* WHAT TO PRODUCE *
Count the lines in the records below that contain the word "from", and give only that number.
========
(* Let $P$ be a punctured Preparata code of length $n$, let $x\in P$, let $m,l\in\mathrm{supp}(x)$, and let $u,v$ be distinct codewords of $P$ which both have zeros in coordinates $m$ and $l$ and which are both at Hamming distance $5$ from $x$. Then there is no coordinate in $\mathrm{supp}(x)\setminus\{m,l\}$ in which both $u$ and $v$ are zero, and there is no coordinate in $\{1,\ldots,n\}\setminus\mathrm{supp}(x)$ in which both $u$ and $v$ are one.
   Context: $E^n$ is the set of binary vectors of length $n$ with the Hamming distance; $\mathrm{supp}(x)=\{k: x_k=1\}$. A Preparata code is a binary code of length $2^m$ ($m\ge 4$ even) with minimum distance $6$ and maximum possible cardinality among binary codes of that length and minimum distance. A punctured Preparata code is obtained from a Preparata code by deleting one coordinate; it has length $n=2^m-1$ and minimum distance $5$. *)

theory Defs
  imports Main
begin

text \<open>Binary vectors of length N are represented by their supports,
  i.e. subsets of the coordinate set {1..N}.\<close>

definition binvecs :: "nat \<Rightarrow> nat set set" where
  "binvecs N = Pow {1..N}"

definition hdist :: "nat set \<Rightarrow> nat set \<Rightarrow> nat" where
  "hdist x y = card ((x - y) \<union> (y - x))"

definition code_min_dist :: "nat \<Rightarrow> nat \<Rightarrow> nat set set \<Rightarrow> bool" where
  "code_min_dist N d C \<longleftrightarrow> C \<subseteq> binvecs N
     \<and> (\<forall>x\<in>C. \<forall>y\<in>C. x \<noteq> y \<longrightarrow> d \<le> hdist x y)
     \<and> (\<exists>x\<in>C. \<exists>y\<in>C. x \<noteq> y \<and> hdist x y = d)"

definition preparata_code :: "nat \<Rightarrow> nat set set \<Rightarrow> bool" where
  "preparata_code N C \<longleftrightarrow>
     (\<exists>m. 4 \<le> m \<and> even m \<and> N = 2 ^ m)
     \<and> code_min_dist N 6 C
     \<and> (\<forall>C'. code_min_dist N 6 C' \<longrightarrow> card C' \<le> card C)"

definition delete_coord :: "nat \<Rightarrow> nat set \<Rightarrow> nat set" where
  "delete_coord i x = {k \<in> x. k < i} \<union> {k - 1 | k. k \<in> x \<and> i < k}"

definition punctured_preparata_code :: "nat \<Rightarrow> nat set set \<Rightarrow> bool" where
  "punctured_preparata_code n P \<longleftrightarrow>
     (\<exists>C i. preparata_code (n + 1) C \<and> i \<in> {1..n+1} \<and> P = delete_coord i ` C)"

end

theory Submission
  imports Defs
begin

text \<open>Both u and v differ from x in m and l. A third common coordinate of difference j (a zero
  of both inside supp x, or a one of both outside it) would give
  d(u, v) \<le> (5 - 3) + (5 - 3) = 4, whereas the punctured code has minimum distance 5, since
  deleting a coordinate lowers the distance 6 of the Preparata code by at most one.\<close>

lemma delete_coord_eq_image:
  "delete_coord i a = (\<lambda>k. if k < i then k else k - 1) ` (a - {i})"
proof (rule set_eqI, rule iffI)
  fix y assume "y \<in> delete_coord i a"
  then consider "y \<in> a" "y < i" | k where "k \<in> a" "i < k" "y = k - 1"
    unfolding delete_coord_def by blast
  then show "y \<in> (\<lambda>k. if k < i then k else k - 1) ` (a - {i})"
  proof cases
    case 1 then show ?thesis by (intro image_eqI[of _ _ y]) auto
  next
    case (2 k) then show ?thesis by (intro image_eqI[of _ _ k]) auto
  qed
next
  fix y assume "y \<in> (\<lambda>k. if k < i then k else k - 1) ` (a - {i})"
  then obtain k where k: "k \<in> a" "k \<noteq> i" "y = (if k < i then k else k - 1)" by blast
  then show "y \<in> delete_coord i a"
    unfolding delete_coord_def by (cases "k < i") (auto intro!: exI[of _ k])
qed

lemma hdist_image:
  assumes "inj_on f (a \<union> b)"
  shows "hdist (f ` a) (f ` b) = hdist a b"
proof -
  have "(f ` a - f ` b) \<union> (f ` b - f ` a) = f ` ((a - b) \<union> (b - a))"
    using inj_on_image_set_diff[OF assms, of a b] inj_on_image_set_diff[OF assms, of b a]
    by (auto simp only: image_Un)
  moreover have "inj_on f ((a - b) \<union> (b - a))"
    using assms by (rule inj_on_subset) blast
  ultimately show ?thesis
    unfolding hdist_def by (simp add: card_image)
qed

lemma hdist_remove_le:
  assumes "finite a" "finite b"
  shows "hdist a b - 1 \<le> hdist (a - {i}) (b - {i})"
proof -
  have "(a - {i} - (b - {i})) \<union> (b - {i} - (a - {i})) = ((a - b) \<union> (b - a)) - {i}"
    by blast
  then show ?thesis
    using assms unfolding hdist_def by (simp add: card_Diff_singleton_if)
qed

lemma hdist_delete_coord_ge:
  assumes "finite a" "finite b"
  shows "hdist a b - 1 \<le> hdist (delete_coord i a) (delete_coord i b)"
proof -
  have "inj_on (\<lambda>k::nat. if k < i then k else k - 1) ((a - {i}) \<union> (b - {i}))"
    unfolding inj_on_def by auto
  then have "hdist (delete_coord i a) (delete_coord i b) = hdist (a - {i}) (b - {i})"
    unfolding delete_coord_eq_image by (rule hdist_image)
  with hdist_remove_le[OF assms] show ?thesis by simp
qed

lemma punctured_preparata_code_min_dist:
  assumes "punctured_preparata_code n P" "u \<in> P" "v \<in> P" "u \<noteq> v"
  shows "5 \<le> hdist u v"
proof -
  obtain C i where C: "preparata_code (n + 1) C" "P = delete_coord i ` C"
    using assms(1) unfolding punctured_preparata_code_def by blast
  obtain a b where ab: "a \<in> C" "b \<in> C" "u = delete_coord i a" "v = delete_coord i b"
    using assms(2,3) C(2) by blast
  have code: "code_min_dist (n + 1) 6 C"
    using C(1) unfolding preparata_code_def by blast
  moreover have "a \<noteq> b"
    using ab(3,4) assms(4) by blast
  ultimately have "6 \<le> hdist a b"
    using ab(1,2) unfolding code_min_dist_def by blast
  moreover have "a \<subseteq> {1..n + 1}" "b \<subseteq> {1..n + 1}"
    using code ab(1,2) unfolding code_min_dist_def binvecs_def by blast+
  then have "hdist a b - 1 \<le> hdist u v"
    unfolding ab(3,4) by (intro hdist_delete_coord_ge) (auto intro: finite_subset)
  ultimately show ?thesis
    by simp
qed

lemma hdist_add_common_diff_le:
  assumes "finite ((x - u) \<union> (u - x))" "finite ((x - v) \<union> (v - x))"
    and "S \<subseteq> (x - u) \<union> (u - x)" "S \<subseteq> (x - v) \<union> (v - x)"
  shows "hdist u v + 2 * card S \<le> hdist x u + hdist x v"
proof -
  let ?A = "(x - u) \<union> (u - x)" and ?B = "(x - v) \<union> (v - x)"
  have fin: "finite S" using assms(1,3) by (rule finite_subset[rotated])
  have "hdist u v \<le> card ((?A - S) \<union> (?B - S))"
    unfolding hdist_def using assms(3,4) by (intro card_mono) (use assms(1,2) in auto)
  also have "\<dots> \<le> card (?A - S) + card (?B - S)"
    by (rule card_Un_le)
  also have "\<dots> = hdist x u - card S + (hdist x v - card S)"
    unfolding hdist_def using assms fin by (simp add: card_Diff_subset)
  finally show ?thesis
    using card_mono[OF assms(1,3)] card_mono[OF assms(2,4)] unfolding hdist_def by linarith
qed

theorem lemma3:
  fixes n :: nat and P :: "nat set set" and x u v :: "nat set" and m l :: nat
  assumes "punctured_preparata_code n P"
    and "x \<in> P"
    and "m \<in> x" and "l \<in> x" and "m \<noteq> l"
    and "u \<in> P" and "v \<in> P" and "u \<noteq> v"
    and "m \<notin> u" and "l \<notin> u" and "m \<notin> v" and "l \<notin> v"
    and "hdist x u = 5" and "hdist x v = 5"
  shows "\<not> (\<exists>j \<in> x - {m, l}. j \<notin> u \<and> j \<notin> v)
       \<and> \<not> (\<exists>j \<in> {1..n} - x. j \<in> u \<and> j \<in> v)"
proof -
  have no_common: False
    if "j \<notin> {m, l}" "j \<in> (x - u) \<union> (u - x)" "j \<in> (x - v) \<union> (v - x)" for j
  proof -
    have "finite ((x - u) \<union> (u - x))" "finite ((x - v) \<union> (v - x))"
      using assms(13,14) unfolding hdist_def by (intro card_ge_0_finite, simp)+
    moreover have "card {m, l, j} = 3" using that(1) assms(5) by auto
    moreover have "{m, l, j} \<subseteq> (x - u) \<union> (u - x)" "{m, l, j} \<subseteq> (x - v) \<union> (v - x)"
      using that assms(3,4,9-12) by auto
    ultimately have "hdist u v \<le> 4"
      using hdist_add_common_diff_le[of x u v "{m, l, j}"] assms(13,14) by simp
    then show False
      using punctured_preparata_code_min_dist[OF assms(1,6,7,8)] by simp
  qed
  show ?thesis
  proof (intro conjI notI)
    assume "\<exists>j \<in> x - {m, l}. j \<notin> u \<and> j \<notin> v"
    then obtain j where "j \<in> x - {m, l}" "j \<notin> u" "j \<notin> v" by blast
    then show False using no_common[of j] by blast
  next
    assume "\<exists>j \<in> {1..n} - x. j \<in> u \<and> j \<in> v"
    then obtain j where "j \<notin> x" "j \<in> u" "j \<in> v" by blast
    moreover have "j \<notin> {m, l}" using assms(3,4) \<open>j \<notin> x\<close> by blast
    ultimately show False using no_common[of j] by blast
  qed
qed

end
========
* EXERCISE ANSWER *
3